Alongside all this, the real key is maintaining some sense of normality in family life — being a husband, a father, and going to work.
It’s a complex puzzle that requires the athlete to be open, honest, vulnerable, and willing to ask questions of both their coach and themselves. It’s easy to compare your training to others preparing for the same event, to see how different it looks, and to doubt yourself. But it requires you to drown out the noise. It requires you to stay present in yourself.
Neil has embraced this journey for the past six months. It hasn’t been an easy ride, but the outcome was a flawless race day.

Endurance - Ireland: Eimear Loughnane
Consistency isn’t easy. It takes discipline, patience, and the willingness to do the work even when it feels uncomfortable. Over the past four months, that’s exactly what Eimear has shown.
Week after week, she’s shown up, put in the effort, and trusted the process. The results are clear: stronger form, faster pace, improved efficiency, and a new mindset when it comes to tackling challenges.
Eimear, we’re proud to recognise you as our Member of the Month. You’ve earned it through hard work, openness to coaching, and the consistency that transforms potential into progress.

Endurance - New Zealand: Megan Raynor
Congratulations to Megan Raynor for being our MOTM for August.
Megan has been on a mission to get back into running after breaking her foot last year and having pneumonia at the start of this year. Having mastered the marathon distance, she decided a bigger scarier challenge was on the cards, Race Tekapo 50k.

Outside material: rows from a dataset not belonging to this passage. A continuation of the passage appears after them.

(* Let $\varepsilon,\delta\in[0,1]$ and let $X=2^\mathbb{N}$ (with the uniform product measure) or $X=[0,1]$ (with Lebesgue measure). Then the following are equivalent: (i) $\mathsf{P}_{>\varepsilon}\mathsf{C}_{X}\le_W\mathsf{P}_{>\delta}\mathsf{C}_{X}$; (ii) $\mathsf{P}_{>\varepsilon}\mathsf{C}_{X}\le_{sW}\mathsf{P}_{>\delta}\mathsf{C}_{X}$; (iii) $\varepsilon\ge\delta$.
   Context: A represented space is a pair $(X,\delta_X)$ with $\delta_X:\subseteq\mathbb{N}^\mathbb{N}\to X$ a partial surjection; $[0,1]$ carries its Cauchy representation. A realizer of $f:\subseteq X\rightrightarrows Y$ is a partial $F$ with $\delta_Y F(p)\in f(\delta_X(p))$ for all $p\in\mathrm{dom}(f\circ\delta_X)$. $f\le_W g$ if there are computable partial $H,K:\subseteq\mathbb{N}^\mathbb{N}\to\mathbb{N}^\mathbb{N}$ such that $p\mapsto H\langle p,GK(p)\rangle$ realizes $f$ for every realizer $G$ of $g$; $f\le_{sW}g$ if instead $HGK$ realizes $f$ for every realizer $G$ of $g$. $\mathcal{A}_-(X)$ denotes the closed subsets of $X$ represented by negative information (a name of $A$ enumerates basic open sets whose union is $X\setminus A$). For a Borel measure $\mu$ on $X$ and $\varepsilon\in\mathbb R$, $\mathsf{P}_{>\varepsilon}\mathsf{C}_X:\subseteq\mathcal{A}_-(X)\rightrightarrows X$, $A\mapsto A$, is defined on all closed $A$ with $\mu(A)>\varepsilon$ (nonempty). The uniform measure on $2^\mathbb N$ satisfies $\mu(w2^\mathbb N)=2^{-|w|}$. *)

theory Defs
  imports "HOL-Probability.Probability" "HOL-Library.Nat_Bijection"
begin

datatype recf = Zer | Suc_f | Proj nat | Comp recf "recf list" | Prim recf recf | Mini recf

inductive reval :: "recf \<Rightarrow> nat list \<Rightarrow> nat \<Rightarrow> bool" where
  "reval Zer xs 0"
| "reval Suc_f (x # xs) (Suc x)"
| "i < length xs \<Longrightarrow> reval (Proj i) xs (xs ! i)"
| "list_all2 (\<lambda>g y. reval g xs y) gs ys \<Longrightarrow> reval f ys z \<Longrightarrow> reval (Comp f gs) xs z"
| "reval f xs z \<Longrightarrow> reval (Prim f g) (0 # xs) z"
| "reval (Prim f g) (n # xs) y \<Longrightarrow> reval g (n # y # xs) z \<Longrightarrow> reval (Prim f g) (Suc n # xs) z"
| "reval f (n # xs) 0 \<Longrightarrow> (\<forall>m<n. \<exists>y. reval f (m # xs) (Suc y)) \<Longrightarrow> reval (Mini f) xs n"

type_synonym baire = "nat \<Rightarrow> nat"
type_synonym pfun = "baire \<Rightarrow> baire option"

definition prefix_code :: "baire \<Rightarrow> nat \<Rightarrow> nat" where
  "prefix_code p k = list_encode (map p [0..<k])"
lemma card_primes_le_nth_prime: "1 \<le> r \<Longrightarrow> card {q. prime q \<and> q \<le> nth_prime r} = r"
  by (simp add: primes_le_nth_prime card_image inj_on_subset[OF inj_on_nth_prime])

lemma nth_prime_eqI:
  assumes "prime q" and "1 \<le> n" and "card {p. prime p \<and> p < q} = n - 1"
  shows "nth_prime n = q"
proof -
  obtain k where k: "1 \<le> k" "nth_prime k = q" using nth_prime_surj[OF assms(1)] .
  have "card {p. prime p \<and> p < nth_prime k} = k - 1"
    using k(1) inj_on_subset[OF inj_on_nth_prime, of "{1..<k}"]
    by (simp add: primes_less_nth_prime card_image subset_eq)
  with assms(2,3) k have "n = k" by simp
  with k show ?thesis by simp
qed

lemma card_primes_less: "card {p::nat. prime p \<and> p < q} = length (filter prime [0..<q])"
proof -
  have "{p::nat. prime p \<and> p < q} = set (filter prime [0..<q])" by auto
  then show ?thesis by (metis distinct_card distinct_filter distinct_upt)
qed

lemma nth_prime_values:
  "nth_prime 1 = 2" "nth_prime 2 = 3" "nth_prime 3 = 5" "nth_prime 4 = 7" "nth_prime 5 = 11"
  "nth_prime 11 = 31"
  by (rule nth_prime_eqI; (simp only: card_primes_less)?; code_simp)+

lemma nth_prime_Suc_le:
  assumes "prime q" "nth_prime r < q"
  shows "nth_prime (Suc r) \<le> q"
proof -
  obtain j where j: "1 \<le> j" "nth_prime j = q" using nth_prime_surj[OF assms(1)] .
  show ?thesis
  proof (cases "r = 0")
    case True
    then show ?thesis using assms(1) nth_prime_values(1) prime_ge_2_nat by simp
  next
    case False
    then show ?thesis
      using j assms(2) nth_prime_less_iff[of r j] nth_prime_le_iff[of "Suc r" j] by auto
  qed
qed

lemma nth_prime_lower_bound: "1 \<le> i \<Longrightarrow> 2 * i - 1 \<le> nth_prime i"
proof (induction i rule: nat_induct_at_least)
  case base
  then show ?case using nth_prime_values(1) by simp
next
  case (Suc n)
  show ?case
  proof (cases "n = 1")
    case True
    then show ?thesis using nth_prime_values(2) by (simp add: numeral_2_eq_2)
  next
    case False
    with Suc have "3 \<le> nth_prime n" using nth_prime_le_iff[of 2 n] nth_prime_values(2) by simp
    moreover have less: "nth_prime n < nth_prime (Suc n)"
      using nth_prime_less_iff[of n "Suc n"] Suc by simp
    ultimately have "odd (nth_prime n)" "odd (nth_prime (Suc n))"
      using prime_odd_nat prime_nth_prime by auto
    with less have "nth_prime n + 2 \<le> nth_prime (Suc n)"
      by (metis Suc_leI add_2_eq_Suc' even_Suc le_antisym not_less_eq_eq)
    with Suc show ?thesis by simp
  qed
qed

lemma finite_primes_le: "finite {p::nat. prime p \<and> p \<le> n}"
  by (rule finite_subset[of _ "{..n}"]) auto

lemma primorial_pos: "0 < primorial n"
  unfolding primorial_def by (auto intro: prod_pos simp: prime_gt_0_nat)

lemma prime_dvd_primorial_iff:
  assumes "prime p"
  shows "p dvd primorial n \<longleftrightarrow> p \<le> n"
proof
  assume "p dvd primorial n"
  then obtain q where "prime q" "q \<le> n" "p dvd q"
    using assms by (auto simp: primorial_def prime_dvd_prod_iff[OF finite_primes_le])
  then show "p \<le> n" using primes_dvd_imp_eq[OF assms] by blast
next
  assume "p \<le> n"
  then show "p dvd primorial n"
    using assms unfolding primorial_def by (intro dvd_prodI finite_primes_le) simp
qed

lemma primorial_dvd_primorial: "m \<le> n \<Longrightarrow> primorial m dvd primorial n"
  unfolding primorial_def by (rule prod_dvd_prod_subset[OF finite_primes_le]) auto

lemma primorial_code: "primorial n = prod_list (filter prime [0..<Suc n])"
proof -
  have "{p::nat. prime p \<and> p \<le> n} = set (filter prime [0..<Suc n])"
    by (auto simp del: upt_Suc)
  then have "primorial n = (\<Prod>q\<in>set (filter prime [0..<Suc n]). q)"
    by (simp only: primorial_def)
  also have "\<dots> = prod_list (filter prime [0..<Suc n])"
    by (subst prod.distinct_set_conv_list) simp_all
  finally show ?thesis .
qed

lemma primorial_nth_prime: "1 \<le> r \<Longrightarrow> primorial (nth_prime r) = (\<Prod>i=1..r. nth_prime i)"
  unfolding primorial_def
  using inj_on_subset[OF inj_on_nth_prime, of "{1..r}"]
  by (simp add: primes_le_nth_prime prod.reindex subset_eq)

text \<open>A prime dividing both \<open>Q i - 1\<close> and \<open>Q j - 1\<close> divides \<open>Q (j - i)\<close>, hence \<open>j - i < m\<close>,
  so the chosen prime factors of \<open>Q i - 1\<close> are distinct.\<close>
lemma card_primes_not_dvd_less:
  fixes Q m :: nat
  assumes Q: "3 \<le> Q" and large: "\<And>p. prime p \<Longrightarrow> \<not> p dvd Q \<Longrightarrow> m \<le> p"
  shows "m \<le> card {p. prime p \<and> \<not> p dvd Q \<and> p < Q * m}"
proof -
  define f where "f i = (SOME p. prime p \<and> p dvd Q * i - 1)" for i
  have f: "prime (f i) \<and> f i dvd Q * i - 1" if "1 \<le> i" for i
  proof -
    have "Q \<le> Q * i" using that by simp
    then have "Q * i - 1 \<noteq> 1" using Q by linarith
    then show ?thesis unfolding f_def by (rule someI_ex[OF prime_factor_nat])
  qed
  have not_dvd: "\<not> f i dvd Q" if "1 \<le> i" for i
  proof
    assume "f i dvd Q"
    then have "f i dvd Q * i" by simp
    then have "f i dvd Q * i - (Q * i - 1)" using f[OF that] dvd_diff_nat by blast
    moreover have "Q * i - (Q * i - 1) = 1" using Q that by (simp add: Suc_le_eq)
    ultimately show False using f[OF that] by simp
  qed
  have distinct: "f a \<noteq> f b" if "a \<in> {1..m}" "b \<in> {1..m}" "a < b" for a b
  proof
    assume eq: "f a = f b"
    have "Q * b - 1 - (Q * a - 1) = Q * (b - a)"
      using that Q by (simp add: diff_mult_distrib2 Suc_le_eq)
    then have "f a dvd Q * (b - a)"
      using f[of a] f[of b] that eq by (metis atLeastAtMost_iff dvd_diff_nat)
    then have "f a dvd b - a" using f[of a] not_dvd[of a] that by (auto simp: prime_dvd_mult_iff)
    then have "f a \<le> b - a" using that by (simp add: dvd_imp_le)
    moreover have "m \<le> f a" using large f not_dvd that by simp
    ultimately show False using that by simp
  qed
  have "inj_on f {1..m}"
    by (rule inj_onI) (metis distinct linorder_neqE_nat)
  moreover have "f ` {1..m} \<subseteq> {p. prime p \<and> \<not> p dvd Q \<and> p < Q * m}"
  proof safe
    fix i assume i: "i \<in> {1..m}"
    then have "Q \<le> Q * i" "Q * i \<le> Q * m" by simp_all
    then have "0 < Q * i - 1" using Q by linarith
    then have "f i \<le> Q * i - 1" using f[of i] i by (simp add: dvd_imp_le)
    also have "\<dots> < Q * m" using \<open>Q \<le> Q * i\<close> \<open>Q * i \<le> Q * m\<close> Q by linarith
    finally show "f i < Q * m" .
  qed (use f not_dvd in auto)
  moreover have "finite {p. prime p \<and> \<not> p dvd Q \<and> p < Q * m}" by simp
  ultimately show ?thesis using card_inj_on_le by fastforce
qed

lemma nth_prime_Suc_less_primorial_mult:
  assumes k: "2 \<le> k" "k \<le> r" and m: "r - k + 1 \<le> nth_prime (Suc k)"
  shows "nth_prime (Suc r) < primorial (nth_prime k) * (r - k + 1)"
proof (rule ccontr)
  define Q where "Q = primorial (nth_prime k)"
  define m where "m = r - k + 1"
  assume "\<not> ?thesis"
  then have Qm: "Q * m \<le> nth_prime (Suc r)" unfolding Q_def m_def by simp
  have dvd_Q_iff: "p dvd Q \<longleftrightarrow> p \<le> nth_prime k" if "prime p" for p
    unfolding Q_def using prime_dvd_primorial_iff[OF that] .
  have "3 \<le> nth_prime k" using k nth_prime_le_iff[of 2 k] nth_prime_values(2) by simp
  then have "3 dvd Q" using dvd_Q_iff[of 3] by simp
  then have "3 \<le> Q" using primorial_pos[of "nth_prime k"] unfolding Q_def by (simp add: dvd_imp_le)
  moreover have "m \<le> p" if "prime p" "\<not> p dvd Q" for p
    using that dvd_Q_iff nth_prime_Suc_le[of p k] m unfolding m_def by simp
  ultimately have "m \<le> card {p. prime p \<and> \<not> p dvd Q \<and> p < Q * m}"
    by (rule card_primes_not_dvd_less)
  also have "\<dots> \<le> card ({p. prime p \<and> p \<le> nth_prime r} - {p. prime p \<and> p \<le> nth_prime k})"
  proof (rule card_mono)
    show "finite ({p. prime p \<and> p \<le> nth_prime r} - {p. prime p \<and> p \<le> nth_prime k})"
      using finite_primes_le by blast
    show "{p. prime p \<and> \<not> p dvd Q \<and> p < Q * m}
        \<subseteq> {p. prime p \<and> p \<le> nth_prime r} - {p. prime p \<and> p \<le> nth_prime k}"
    proof safe
      fix p assume p: "prime p" "\<not> p dvd Q" "p < Q * m"
      then show "p \<le> nth_prime r" using Qm nth_prime_Suc_le[of p r] by linarith
      show "p \<le> nth_prime k \<Longrightarrow> False" using p dvd_Q_iff by simp
    qed
  qed
  also have "\<dots> = r - k"
  proof -
    have "nth_prime k \<le> nth_prime r" using k nth_prime_le_iff[of k r] by simp
    then have "{p. prime p \<and> p \<le> nth_prime k} \<subseteq> {p. prime p \<and> p \<le> nth_prime r}" by auto
    then show ?thesis
      using k by (simp add: card_Diff_subset finite_primes_le card_primes_le_nth_prime)
  qed
  finally show False unfolding m_def by simp
qed

lemma twice_sq_nth_prime_Suc_less_primorial_large:
  assumes r: "11 \<le> r"
  shows "2 * nth_prime (Suc r)^2 < primorial (nth_prime r)"
proof -
  define k where "k = (r - 3) div 2"
  have k: "4 \<le> k" "2 * k + 3 \<le> r" "r \<le> 2 * k + 4" using r unfolding k_def by auto
  define a where "a = nth_prime (Suc k)"
  define Q where "Q = primorial (nth_prime k)"
  define R where "R = (\<Prod>i=Suc k..r. nth_prime i)"
  define m where "m = r - k + 1"
  have "2 * k + 1 \<le> a" using nth_prime_lower_bound[of "Suc k"] unfolding a_def by simp
  then have ma: "m \<le> a" and a3: "3 \<le> a" using k unfolding m_def by linarith+
  have bonse: "nth_prime (Suc r) < Q * m"
    using nth_prime_Suc_less_primorial_mult[of k r] k ma unfolding Q_def m_def a_def by simp
  have split: "primorial (nth_prime r) = Q * R"
    using k prod.ub_add_nat[of 1 k nth_prime "r - k"]
    unfolding Q_def R_def by (simp add: primorial_nth_prime)
  have "Q = (\<Prod>i=1..k. nth_prime i)" unfolding Q_def using k by (simp add: primorial_nth_prime)
  also have "\<dots> \<le> (\<Prod>i=1..k. a)" unfolding a_def by (rule prod_mono) (simp add: nth_prime_le_iff)
  finally have Q: "Q \<le> a ^ k" by simp
  have "(\<Prod>i=Suc k..r. a) \<le> R"
    unfolding R_def a_def by (rule prod_mono) (simp add: nth_prime_le_iff)
  then have R: "a ^ (r - k) \<le> R" by simp
  have "2 * m^2 \<le> 2 * a^2" using ma by (simp add: power_mono)
  also have "\<dots> < a * a^2" using a3 by simp
  finally have "Q * (2 * m^2) < a ^ k * a ^ 3"
    using Q primorial_pos[of "nth_prime k"] unfolding Q_def
    by (intro mult_le_less_imp_less) (auto simp: power3_eq_cube power2_eq_square)
  also have "\<dots> \<le> a ^ (r - k)"
    using k a3 by (simp flip: power_add add: power_increasing)
  finally have QR: "Q * (2 * m^2) < R" using R by linarith
  have "2 * nth_prime (Suc r)^2 < 2 * (Q * m)^2" using bonse by (simp add: power_strict_mono)
  also have "\<dots> = Q * (Q * (2 * m^2))" by (simp add: power2_eq_square algebra_simps)
  also have "\<dots> < Q * R" using QR primorial_pos[of "nth_prime k"] unfolding Q_def by simp
  finally show ?thesis unfolding split .
qed

lemma twice_sq_nth_prime_Suc_less_primorial:
  assumes r: "5 \<le> r"
  shows "2 * nth_prime (Suc r)^2 < primorial (nth_prime r)"
proof (cases "11 \<le> r")
  case True
  then show ?thesis by (rule twice_sq_nth_prime_Suc_less_primorial_large)
next
  case False
  then have "nth_prime (Suc r) \<le> 31"
    using nth_prime_le_iff[of "Suc r" 11] nth_prime_values(6) by simp
  then have "nth_prime (Suc r)^2 \<le> 31^2" by (rule power_mono) simp
  moreover have "2 * 31^2 < primorial 11" by (simp only: primorial_code) code_simp
  moreover have "11 \<le> nth_prime r" using r nth_prime_le_iff[of 5 r] nth_prime_values(5) by simp
  then have "primorial 11 \<le> primorial (nth_prime r)"
    by (rule dvd_imp_le[OF primorial_dvd_primorial primorial_pos])
  ultimately show ?thesis by linarith
qed

text \<open>The witness pair only makes the set of gaps nonempty, on which \<open>Max\<close> is meaningful.\<close>
lemma max_prime_gap_le:
  assumes witness: "prime x" "prime y" "a \<le> x" "x < y" "y \<le> b" "\<forall>s\<in>{x<..<y}. \<not> prime s"
    and window: "\<forall>q\<in>{a..b - c - 1}. \<exists>s\<in>{q+1..q+c}. prime s"
  shows "max_prime_gap a b \<le> c"
proof -
  define S where "S = {q' - q | q q'. prime q \<and> prime q' \<and> a \<le> q \<and> q < q' \<and> q' \<le> b
       \<and> (\<forall>s. q < s \<and> s < q' \<longrightarrow> \<not> prime s)}"
  have "finite S" by (rule finite_subset[of _ "{..b}"]) (auto simp: S_def)
  moreover have "y - x \<in> S"
    unfolding S_def mem_Collect_eq using witness by (intro exI[of _ x] exI[of _ y]) auto
  moreover have "g \<le> c" if "g \<in> S" for g
  proof (rule ccontr)
    obtain q q' where gap: "g = q' - q" "a \<le> q" "q < q'" "q' \<le> b"
      and no_prime: "\<forall>s. q < s \<and> s < q' \<longrightarrow> \<not> prime s"
      using \<open>g \<in> S\<close> unfolding S_def by blast
    assume "\<not> g \<le> c"
    with gap have "q + c < q'" "q \<in> {a..b - c - 1}" by auto
    then obtain s where "s \<in> {q+1..q+c}" "prime s" using window by blast
    with \<open>q + c < q'\<close> no_prime show False by auto
  qed
  ultimately have "Max S \<le> c" by (subst Max_le_iff) auto
  then show ?thesis unfolding max_prime_gap_def S_def .
qed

Building back into training can be daunting post injury and sickness and requires a lot of patience, Meg has trusted the process and seen some huge progress because of it. She’s become a lover of the uphills, used strength training to become a powerhouse, and she’s learnt to fully trust herself as she full sends it on the downhills. Her primer race at the Mackenzie half was proof that she is a speedy gal on the trails!
Self belief is a huge part of being successful in training and Meg has worked hard on this on top of being consistent in her training and listening to her body. We can’t wait to see you nail this new distance in a few weeks time in Tekapo, Meg.